Во всяком случае, противопоставление католичества и православия (в связи с этим Запада и России) довольно рано стало сменяться у Розанова перенесением отмеченной им здесь противоположности в самую суть христианства; прежняя антиномия постепенно приобретает характер противопоставления Ветхого и Нового Заветов. В этот период творчества Розанов и становится тем несравненным по литературной силе и какой–то единственной художественности писателем, в котором вся красота речи глубоко связана с ее непосредственностью, с ее внелогичностью. Творчество Розанова приобретает изумительную глубину и значительность, — и как раз в этот период еще больше, чем раньше, Розанов раскрывает всю свою «русскость». Его хочется сравнивать лишь с Лесковым, тоже непередаваемо «почвенным» художником: вот отчего Розанов, вероятно, наименее, может быть, понятен вне России. Еще хочется сравнить Розанова с другим замечательным религиозным мыслителем русским — ?. ?. Федоровым, тоже по–своему договорившим «почвенников».

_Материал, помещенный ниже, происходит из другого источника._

theorem corollary2p5:
  fixes V :: "'a set" and E :: "'a \<Rightarrow> 'a \<Rightarrow> bool"
  assumes "simple_graph V E"
    and "graph_connected V E"
    and "\<not> complete_graph V E"
    and "mu_t V E = card V - diam V E + 1"
  shows "gamma_c V E = diam V E - 1"
proof -
  have fin: "finite V" using assms(1) by (simp add: simple_graph_def)
  obtain X where X: "total_mutual_visibility_set V E X" "card X = mu_t V E"
    using mu_t_attained[OF fin assms(2)] .
  have "X \<subseteq> V" using X(1) by (simp add: total_mutual_visibility_set_def)
  hence "card (V - X) = card V - mu_t V E"
    using X(2) card_Diff_subset finite_subset[OF _ fin] by metis
  moreover have "gamma_c V E \<le> card (V - X)"
    using gamma_c_le_card[OF fin complement_tmv_connected_dominating[OF assms(1,3) X(1)]] .
  moreover have "diam V E \<le> gamma_c V E + 1"
  proof -
    obtain C where C: "connected_dominating_set V E C" "card C = gamma_c V E"
      using gamma_c_attained[OF assms(1,2)] .
    obtain x y where "x \<in> V" "y \<in> V" "diam V E = dist V E x y"
      using diam_attained[OF fin] assms(2) by (auto simp: graph_connected_def)
    thus ?thesis using dist_le_connected_dominating_card[OF assms(1,2) C(1)] C(2) by simp
  qed
  ultimately show ?thesis using assms(4) \<open>X \<subseteq> V\<close> card_mono[OF fin] by linarith
qed

end
lemma log_kernel_remainder_bound:
  fixes \<rho> :: "real^2 \<Rightarrow> real" and x :: "real^2" and C\<^sub>0 :: real
  assumes \<rho>: "integrable lborel \<rho>" "\<And>y. 0 \<le> \<rho> y"
    and entropy: "integrable lborel (\<lambda>y. \<rho> y * ln (\<rho> y))" "(\<integral>y. \<rho> y * ln (\<rho> y) \<partial>lborel) \<le> C\<^sub>0"
    and moment: "(\<integral>\<^sup>+y. ennreal ((norm y)\<^sup>2 * \<rho> y) \<partial>lborel) \<le> ennreal C\<^sub>0"
    and x: "1 \<le> norm x"
  shows "integrable lborel (\<lambda>y. (ln (norm (x - y)) - ln (norm x)) * \<rho> y)"
    and "\<bar>\<integral>y. (ln (norm (x - y)) - ln (norm x)) * \<rho> y \<partial>lborel\<bar>
      \<le> (\<integral>y. \<rho> y \<partial>lborel) + 2 * max C\<^sub>0 0 + C\<^sub>0 + 32 / 3 * pi + 4 * pi"
proof -
  have \<rho>_meas: "\<rho> \<in> borel_measurable lborel" using \<rho>(1) by (rule borel_measurable_integrable)
  have "(\<integral>\<^sup>+y. ennreal (\<rho> y * (norm y)\<^sup>2) \<partial>lborel) = (\<integral>\<^sup>+y. ennreal ((norm y)\<^sup>2 * \<rho> y) \<partial>lborel)"
    by (simp only: mult.commute)
  also have "\<dots> \<le> ennreal (max C\<^sub>0 0)"
    using moment by (rule order_trans) (rule ennreal_leI, simp)
  finally have moment_le: "(\<integral>\<^sup>+y. ennreal (\<rho> y * (norm y)\<^sup>2) \<partial>lborel) \<le> ennreal (max C\<^sub>0 0)" .
  have moment': "integrable lborel (\<lambda>y. \<rho> y * (norm y)\<^sup>2)"
      "(\<integral>y. \<rho> y * (norm y)\<^sup>2 \<partial>lborel) \<le> max C\<^sub>0 0"
    using integrable_nonneg_nn_integral_le[OF _ _ moment_le] \<rho>_meas \<rho>(2) by auto
  have gauss: "integrable lborel (\<lambda>y::real^2. exp (- (norm y)\<^sup>2))"
      "(\<integral>y. exp (- (norm (y::real^2))\<^sup>2) \<partial>lborel) \<le> 32 / 3 * pi"
    using integrable_nonneg_nn_integral_le[OF _ _ nn_integral_exp_neg_norm_sq_le] by auto
  have singular_meas: "(\<lambda>y. indicator (ball x 1) y / norm (x - y)) \<in> borel_measurable lborel"
    by (intro borel_measurable_divide borel_measurable_indicator) auto
  have singular_nonneg: "0 \<le> indicator (ball x 1) y / norm (x - y)" for y :: "real^2"
    by simp
  have singular: "integrable lborel (\<lambda>y. indicator (ball x 1) y / norm (x - y))"
      "(\<integral>y. indicator (ball x 1) y / norm (x - y) \<partial>lborel) \<le> 4 * pi"
    using integrable_nonneg_nn_integral_le[OF singular_meas singular_nonneg
        nn_integral_inverse_dist_ball_le[of x]] by simp_all
  define F where "F y = \<rho> y + 2 * (\<rho> y * (norm y)\<^sup>2) + \<rho> y * ln (\<rho> y)
    + exp (- (norm y)\<^sup>2) + indicator (ball x 1) y / norm (x - y)" for y
  have F_int: "integrable lborel F"
    unfolding F_def using \<rho>(1) moment'(1) entropy(1) gauss(1) singular(1)
    by (intro Bochner_Integration.integrable_add Bochner_Integration.integrable_mult_right) auto
  have "integral\<^sup>L lborel F = (\<integral>y. \<rho> y \<partial>lborel) + 2 * (\<integral>y. \<rho> y * (norm y)\<^sup>2 \<partial>lborel)
      + (\<integral>y. \<rho> y * ln (\<rho> y) \<partial>lborel) + (\<integral>y. exp (- (norm (y::real^2))\<^sup>2) \<partial>lborel)
      + (\<integral>y. indicator (ball x 1) y / norm (x - y) \<partial>lborel)"
    unfolding F_def using \<rho>(1) moment'(1) entropy(1) gauss(1) singular(1)
    by (simp add: Bochner_Integration.integral_add Bochner_Integration.integrable_add
        Bochner_Integration.integrable_mult_right)
  then have F_le: "integral\<^sup>L lborel F \<le> (\<integral>y. \<rho> y \<partial>lborel) + 2 * max C\<^sub>0 0 + C\<^sub>0 + 32 / 3 * pi + 4 * pi"
    using moment'(2) entropy(2) gauss(2) singular(2) by linarith
  have dominated: "\<bar>(ln (norm (x - y)) - ln (norm x)) * \<rho> y\<bar> \<le> F y" for y
    unfolding F_def by (rule abs_ln_norm_diff_mult_le[OF x \<rho>(2)])
  have "(\<lambda>y. (ln (norm (x - y)) - ln (norm x)) * \<rho> y) \<in> borel_measurable lborel"
    using \<rho>_meas by measurable
  then show L_int: "integrable lborel (\<lambda>y. (ln (norm (x - y)) - ln (norm x)) * \<rho> y)"
  proof (rule Bochner_Integration.integrable_bound[OF F_int], intro AE_I2)
    fix y
    show "norm ((ln (norm (x - y)) - ln (norm x)) * \<rho> y) \<le> norm (F y)"
      using dominated[of y] abs_ge_self[of "F y"] by simp
  qed
  show "\<bar>\<integral>y. (ln (norm (x - y)) - ln (norm x)) * \<rho> y \<partial>lborel\<bar>
      \<le> (\<integral>y. \<rho> y \<partial>lborel) + 2 * max C\<^sub>0 0 + C\<^sub>0 + 32 / 3 * pi + 4 * pi"
    using integral_abs_bound_integral[OF L_int F_int] dominated F_le by force
qed

lemma log_potential_add_ln_norm:
  fixes \<rho> :: "real^2 \<Rightarrow> real" and x :: "real^2"
  assumes "integrable lborel \<rho>"
    and "integrable lborel (\<lambda>y. (ln (norm (x - y)) - ln (norm x)) * \<rho> y)"
  shows "log_potential \<rho> x + (\<integral>y. \<rho> y \<partial>lborel) / (2 * pi) * ln (norm x)
    = - (\<integral>y. (ln (norm (x - y)) - ln (norm x)) * \<rho> y \<partial>lborel) / (2 * pi)"
proof -
  have "(\<lambda>y. ln (norm (x - y)) * \<rho> y)
      = (\<lambda>y. (ln (norm (x - y)) - ln (norm x)) * \<rho> y + ln (norm x) * \<rho> y)"
    by (auto simp: algebra_simps)
  then have "(\<integral>y. ln (norm (x - y)) * \<rho> y \<partial>lborel)
      = (\<integral>y. (ln (norm (x - y)) - ln (norm x)) * \<rho> y \<partial>lborel) + ln (norm x) * (\<integral>y. \<rho> y \<partial>lborel)"
    using assms by simp
  then show ?thesis unfolding log_potential_def by (simp add: field_simps)
qed

theorem lemma5:
  fixes C\<^sub>0 \<beta> :: real
  shows "\<exists>C R. \<forall>\<rho> :: real^2 \<Rightarrow> real.
      integrable lborel \<rho> \<and> (\<forall>y. \<rho> y \<ge> 0)
      \<and> integrable lborel (\<lambda>y. \<rho> y * ln (\<rho> y))
      \<and> (\<integral>y. \<rho> y * ln (\<rho> y) \<partial>lborel) \<le> C\<^sub>0
      \<and> (\<integral>y. \<rho> y \<partial>lborel) = \<beta>
      \<and> (\<integral>\<^sup>+ y. ennreal ((norm y)\<^sup>2 * \<rho> y) \<partial>lborel) \<le> ennreal C\<^sub>0
      \<longrightarrow> (\<forall>x. norm x > R \<longrightarrow>
             \<bar>log_potential \<rho> x + \<beta> / (2 * pi) * ln (norm x)\<bar> \<le> C)"
proof (rule exI[of _ "(\<beta> + 2 * max C\<^sub>0 0 + C\<^sub>0 + 32 / 3 * pi + 4 * pi) / (2 * pi)"],
    rule exI[of _ 1], intro allI impI, elim conjE)
  fix \<rho> :: "real^2 \<Rightarrow> real" and x :: "real^2"
  assume \<rho>: "integrable lborel \<rho>" "\<forall>y. 0 \<le> \<rho> y"
    and entropy: "integrable lborel (\<lambda>y. \<rho> y * ln (\<rho> y))" "(\<integral>y. \<rho> y * ln (\<rho> y) \<partial>lborel) \<le> C\<^sub>0"
    and mass: "(\<integral>y. \<rho> y \<partial>lborel) = \<beta>"
    and moment: "(\<integral>\<^sup>+y. ennreal ((norm y)\<^sup>2 * \<rho> y) \<partial>lborel) \<le> ennreal C\<^sub>0"
    and x: "1 < norm x"
  note remainder = log_kernel_remainder_bound[OF \<rho>(1) _ entropy moment, of x]
  show "\<bar>log_potential \<rho> x + \<beta> / (2 * pi) * ln (norm x)\<bar>
      \<le> (\<beta> + 2 * max C\<^sub>0 0 + C\<^sub>0 + 32 / 3 * pi + 4 * pi) / (2 * pi)"
    using log_potential_add_ln_norm[OF \<rho>(1) remainder(1)] remainder(2) \<rho>(2) x mass
    by (simp add: divide_right_mono)
qed

end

«Почвенники», о которых мы будем еще вести речь в главе о Достоевском, развивая некоторые мысли славянофилов, с которыми они вовсе не чувствовали себя близкими, стремились вернуть и жизнь, и творчество, и мысль к «почве». В их понимании, окрашенном в тона народничества, это означало погружение как в мир традиций, так особенно в полноту современности. («Народ» они не смешивали с простонародьем — см. об этом ранние статьи Достоевского, перепечатанные в томе, посвященном «Дневнику писателя».) Понятие «почвы» обнимало историю и современность, эмпирическую полноту и метафизическую глубь «народа»; таким образом, понятие «почвенности» соединялось здесь с понятием национальности. Это был своеобразный религиозный национализм… В Федорове и Розанове действует тот же мотив возвращения к «почве», но уже понимаемый шире национальных рамок. У Федорова выступает мотив возвращения к историческому прошлому и ставится задача его «воскрешения»; без этого исторический поток, отрывая нас от прошлого, отрывает и от «почвы», делает «беспочвенными» и расстраивает духовную жизнь… У Розанова «почва» означает близость к неугасимой творческой силе мира — к полу, к семье, к рождению новой жизни: здесь мы у «почвы», здесь мы прикасаемся к творческой силе мира, становимся нужными миру и становимся живыми участниками его жизни — здесь источник жизненной силы и творческого вдохновения, духовного здоровья и исторической мощи. Мы увидим, как, исходя из этого, критикует современность Розанов — тоже представитель «руссоизма» на русской почве и защитник «естественного» устроения жизни.
105
И Федоров и Розанов, каждый по–своему, рисуют нам тип своеобразного христианского натурализма, как ни звучит парадоксально это словосочетание. Его не раз знал и Запад, он пророс и на русской почве: его смысл, его сущность заключается в том, что бытие в его данности ощущается как уже освященное, благословенное, — нужно лишь устроение мира, а не преображение, нужно только следовать «естеству» и быть верным ему. Это натурализм, ибо здесь не нужно никакого преодоления бытия, — но это христианский натурализм, ибо берется бытие «благословенное». Мир уже спасен, и ныне нужно быть в нем, никакого «креста» уже не нужно и, в сущности. Церковь тоже во многом не нужна, ибо не в одной Церкви небо соединено с землей, но и во всем мире: христианский натурализм, впрочем, не отвергает вполне учения о Церкви. Оставим в стороне Федорова, чтобы не осложнять изложения, но скажем о Розанове, что для него, столь глубоко приявшего в душе благовестие Церкви — «На земле мир и в человецех благоволение», — церковное христианство было дорого лишь психологически, религиозно же он вышел из Церкви, отдалился от церковного христианства и вернулся к Ветхому Завету, не замечая, что он весь пронизан лучами Христовой победы, что душа его все время поет христианскую песнь о «мире на земле». Вот отчего его натурализм, его «почвенничество» могут быть названы (как и у Достоевского) христианскими, вот отчего он (как и Федоров и Достоевский) так бесконечно близки и дороги нам. И все же здесь остается нераскрытой тайна христианского преображения жизни. У Розанова не понята Голгофа, которая для него была лишь однажды нужна, чтобы через распятие Спасителя совершилась победа над смертью: Розанов не понял, не вместил того, что каждому из нас дан свой крест, дано узнать свою Голгофу. Достоевский же, так глубоко знавший страдания и его тайну, так и не смог окончательно подняться над тайною креста; хотя он и сделал попытку в старце Зосиме раскрыть полноту христианского жизнепонимания, но его личность слишком была в тисках почвенничества, в тисках того же христианского натурализма (мы увидим это в следующей главе), и образ Зосимы, при всей несравненной его красоте, как образ, едва ли удался ему.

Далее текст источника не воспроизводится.